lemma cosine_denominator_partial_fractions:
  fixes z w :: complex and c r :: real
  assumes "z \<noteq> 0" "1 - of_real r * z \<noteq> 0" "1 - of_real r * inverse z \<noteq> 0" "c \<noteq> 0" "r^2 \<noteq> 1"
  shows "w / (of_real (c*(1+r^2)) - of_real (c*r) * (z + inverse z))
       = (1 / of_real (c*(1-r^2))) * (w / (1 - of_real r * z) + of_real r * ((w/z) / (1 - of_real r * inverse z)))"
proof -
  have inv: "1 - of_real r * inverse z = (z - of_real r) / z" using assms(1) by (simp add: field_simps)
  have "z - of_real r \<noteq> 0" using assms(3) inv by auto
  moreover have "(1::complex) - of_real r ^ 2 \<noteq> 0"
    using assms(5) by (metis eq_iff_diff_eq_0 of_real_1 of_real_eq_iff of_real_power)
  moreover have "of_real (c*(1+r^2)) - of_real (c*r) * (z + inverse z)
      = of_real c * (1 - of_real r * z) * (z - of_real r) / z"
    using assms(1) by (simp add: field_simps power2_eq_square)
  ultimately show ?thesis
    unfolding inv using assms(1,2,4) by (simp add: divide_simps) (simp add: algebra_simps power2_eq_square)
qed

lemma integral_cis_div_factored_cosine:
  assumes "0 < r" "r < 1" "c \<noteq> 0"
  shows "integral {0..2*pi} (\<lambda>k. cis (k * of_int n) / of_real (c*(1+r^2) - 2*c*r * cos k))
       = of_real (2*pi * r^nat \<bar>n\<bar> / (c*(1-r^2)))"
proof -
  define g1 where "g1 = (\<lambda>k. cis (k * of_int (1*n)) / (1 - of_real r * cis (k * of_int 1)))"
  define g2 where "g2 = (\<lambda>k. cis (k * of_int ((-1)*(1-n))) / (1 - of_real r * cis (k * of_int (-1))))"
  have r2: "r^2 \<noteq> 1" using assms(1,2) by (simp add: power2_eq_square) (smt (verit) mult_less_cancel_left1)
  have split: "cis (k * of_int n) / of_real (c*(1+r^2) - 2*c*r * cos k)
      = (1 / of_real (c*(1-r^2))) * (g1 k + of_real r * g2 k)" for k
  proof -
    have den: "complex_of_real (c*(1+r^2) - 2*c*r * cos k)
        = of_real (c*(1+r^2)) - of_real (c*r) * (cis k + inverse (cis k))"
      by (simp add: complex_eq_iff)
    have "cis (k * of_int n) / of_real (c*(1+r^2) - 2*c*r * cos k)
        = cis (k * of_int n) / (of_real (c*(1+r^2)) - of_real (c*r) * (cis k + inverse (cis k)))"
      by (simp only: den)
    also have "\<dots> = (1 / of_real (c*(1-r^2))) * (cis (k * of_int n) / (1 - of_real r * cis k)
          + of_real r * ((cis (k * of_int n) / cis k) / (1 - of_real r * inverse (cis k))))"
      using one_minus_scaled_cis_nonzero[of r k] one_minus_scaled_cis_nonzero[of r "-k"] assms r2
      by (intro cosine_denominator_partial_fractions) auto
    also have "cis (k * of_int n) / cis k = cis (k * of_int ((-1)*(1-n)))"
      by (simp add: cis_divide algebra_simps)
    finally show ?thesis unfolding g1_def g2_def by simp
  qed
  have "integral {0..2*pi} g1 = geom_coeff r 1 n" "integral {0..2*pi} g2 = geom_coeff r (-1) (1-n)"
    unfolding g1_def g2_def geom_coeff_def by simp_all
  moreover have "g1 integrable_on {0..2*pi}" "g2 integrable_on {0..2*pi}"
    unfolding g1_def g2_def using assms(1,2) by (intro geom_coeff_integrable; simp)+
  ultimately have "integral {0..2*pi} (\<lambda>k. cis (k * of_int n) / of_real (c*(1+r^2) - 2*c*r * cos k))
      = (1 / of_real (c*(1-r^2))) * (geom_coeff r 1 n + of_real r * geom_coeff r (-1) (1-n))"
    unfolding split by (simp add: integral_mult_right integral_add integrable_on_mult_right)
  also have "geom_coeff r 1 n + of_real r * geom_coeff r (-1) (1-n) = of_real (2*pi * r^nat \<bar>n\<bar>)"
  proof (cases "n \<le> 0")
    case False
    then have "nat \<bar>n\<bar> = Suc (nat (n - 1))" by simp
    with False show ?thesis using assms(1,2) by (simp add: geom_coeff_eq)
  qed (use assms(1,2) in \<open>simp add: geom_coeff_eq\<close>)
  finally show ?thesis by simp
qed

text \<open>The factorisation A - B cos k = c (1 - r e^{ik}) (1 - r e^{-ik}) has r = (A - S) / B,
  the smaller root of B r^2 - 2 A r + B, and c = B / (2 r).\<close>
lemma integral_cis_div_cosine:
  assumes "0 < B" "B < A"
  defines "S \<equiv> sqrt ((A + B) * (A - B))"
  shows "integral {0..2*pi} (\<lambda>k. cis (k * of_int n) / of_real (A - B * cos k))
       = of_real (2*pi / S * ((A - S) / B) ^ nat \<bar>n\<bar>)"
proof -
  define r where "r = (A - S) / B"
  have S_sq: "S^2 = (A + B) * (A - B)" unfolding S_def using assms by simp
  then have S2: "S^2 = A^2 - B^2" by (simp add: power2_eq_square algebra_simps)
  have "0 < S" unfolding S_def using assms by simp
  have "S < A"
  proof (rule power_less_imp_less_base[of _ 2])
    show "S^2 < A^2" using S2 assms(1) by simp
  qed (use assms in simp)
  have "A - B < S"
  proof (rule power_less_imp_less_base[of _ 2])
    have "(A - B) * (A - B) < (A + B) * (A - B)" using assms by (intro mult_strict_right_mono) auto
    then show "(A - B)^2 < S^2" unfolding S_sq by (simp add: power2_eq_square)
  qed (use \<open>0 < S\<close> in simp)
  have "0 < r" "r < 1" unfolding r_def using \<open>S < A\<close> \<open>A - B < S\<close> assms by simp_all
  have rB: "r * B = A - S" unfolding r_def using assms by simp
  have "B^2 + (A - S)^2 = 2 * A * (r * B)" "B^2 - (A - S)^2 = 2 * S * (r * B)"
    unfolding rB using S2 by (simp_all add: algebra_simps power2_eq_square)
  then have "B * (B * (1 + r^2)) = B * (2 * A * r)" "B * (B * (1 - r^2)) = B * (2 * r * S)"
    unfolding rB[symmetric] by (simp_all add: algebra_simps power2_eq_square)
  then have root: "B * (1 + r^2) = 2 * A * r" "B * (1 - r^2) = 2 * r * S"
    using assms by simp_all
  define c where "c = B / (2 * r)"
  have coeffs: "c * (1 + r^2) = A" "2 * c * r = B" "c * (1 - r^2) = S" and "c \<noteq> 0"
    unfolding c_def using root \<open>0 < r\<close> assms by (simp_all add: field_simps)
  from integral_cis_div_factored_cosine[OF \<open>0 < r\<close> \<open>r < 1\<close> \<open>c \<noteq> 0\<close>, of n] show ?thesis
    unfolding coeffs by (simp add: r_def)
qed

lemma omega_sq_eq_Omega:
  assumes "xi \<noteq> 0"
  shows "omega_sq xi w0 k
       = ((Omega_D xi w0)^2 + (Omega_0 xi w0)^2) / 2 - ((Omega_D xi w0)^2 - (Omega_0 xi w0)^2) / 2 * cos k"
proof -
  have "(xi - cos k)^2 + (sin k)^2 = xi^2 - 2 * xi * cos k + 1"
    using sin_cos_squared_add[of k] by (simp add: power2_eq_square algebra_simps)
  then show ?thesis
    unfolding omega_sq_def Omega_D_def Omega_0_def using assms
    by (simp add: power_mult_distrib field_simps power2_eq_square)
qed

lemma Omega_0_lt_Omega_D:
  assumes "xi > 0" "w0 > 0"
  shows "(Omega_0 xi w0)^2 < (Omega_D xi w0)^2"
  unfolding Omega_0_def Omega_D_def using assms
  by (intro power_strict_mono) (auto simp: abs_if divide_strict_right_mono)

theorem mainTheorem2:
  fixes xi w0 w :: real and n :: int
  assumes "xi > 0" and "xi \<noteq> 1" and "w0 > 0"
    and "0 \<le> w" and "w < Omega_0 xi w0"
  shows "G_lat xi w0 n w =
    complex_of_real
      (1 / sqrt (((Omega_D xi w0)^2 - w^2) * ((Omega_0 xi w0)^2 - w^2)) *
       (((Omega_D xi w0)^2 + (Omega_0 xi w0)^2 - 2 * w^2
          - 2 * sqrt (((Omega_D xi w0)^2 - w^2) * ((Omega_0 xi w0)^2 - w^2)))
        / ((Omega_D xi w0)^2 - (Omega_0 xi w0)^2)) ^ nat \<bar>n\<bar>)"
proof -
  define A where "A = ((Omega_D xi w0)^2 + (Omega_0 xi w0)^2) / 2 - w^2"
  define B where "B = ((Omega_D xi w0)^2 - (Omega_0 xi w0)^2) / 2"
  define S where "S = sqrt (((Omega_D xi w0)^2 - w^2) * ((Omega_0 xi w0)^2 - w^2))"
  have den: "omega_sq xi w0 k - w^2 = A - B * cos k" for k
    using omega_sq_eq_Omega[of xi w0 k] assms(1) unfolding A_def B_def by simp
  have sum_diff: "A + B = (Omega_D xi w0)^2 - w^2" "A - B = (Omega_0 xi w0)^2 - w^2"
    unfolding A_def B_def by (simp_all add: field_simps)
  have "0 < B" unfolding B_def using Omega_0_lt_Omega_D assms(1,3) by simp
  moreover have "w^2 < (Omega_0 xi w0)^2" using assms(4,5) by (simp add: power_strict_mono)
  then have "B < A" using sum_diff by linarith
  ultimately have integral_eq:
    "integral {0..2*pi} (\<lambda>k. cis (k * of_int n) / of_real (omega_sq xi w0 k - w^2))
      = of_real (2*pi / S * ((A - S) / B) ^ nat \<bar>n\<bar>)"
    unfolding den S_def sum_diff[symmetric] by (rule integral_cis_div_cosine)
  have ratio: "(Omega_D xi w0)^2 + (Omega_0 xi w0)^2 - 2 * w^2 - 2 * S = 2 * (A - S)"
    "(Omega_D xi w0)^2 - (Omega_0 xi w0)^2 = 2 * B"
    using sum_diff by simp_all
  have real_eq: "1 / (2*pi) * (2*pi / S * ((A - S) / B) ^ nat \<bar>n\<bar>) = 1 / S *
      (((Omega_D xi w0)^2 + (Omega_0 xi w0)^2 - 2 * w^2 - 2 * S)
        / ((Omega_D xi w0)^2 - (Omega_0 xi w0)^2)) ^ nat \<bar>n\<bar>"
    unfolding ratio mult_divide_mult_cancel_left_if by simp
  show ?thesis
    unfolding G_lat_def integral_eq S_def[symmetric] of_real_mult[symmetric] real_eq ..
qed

> Work to be completed
The response must contain every line from the listing above in which the string "ratio" appears.

> Answer to this task
  have ratio: "(Omega_D xi w0)^2 + (Omega_0 xi w0)^2 - 2 * w^2 - 2 * S = 2 * (A - S)"
    unfolding ratio mult_divide_mult_cancel_left_if by simp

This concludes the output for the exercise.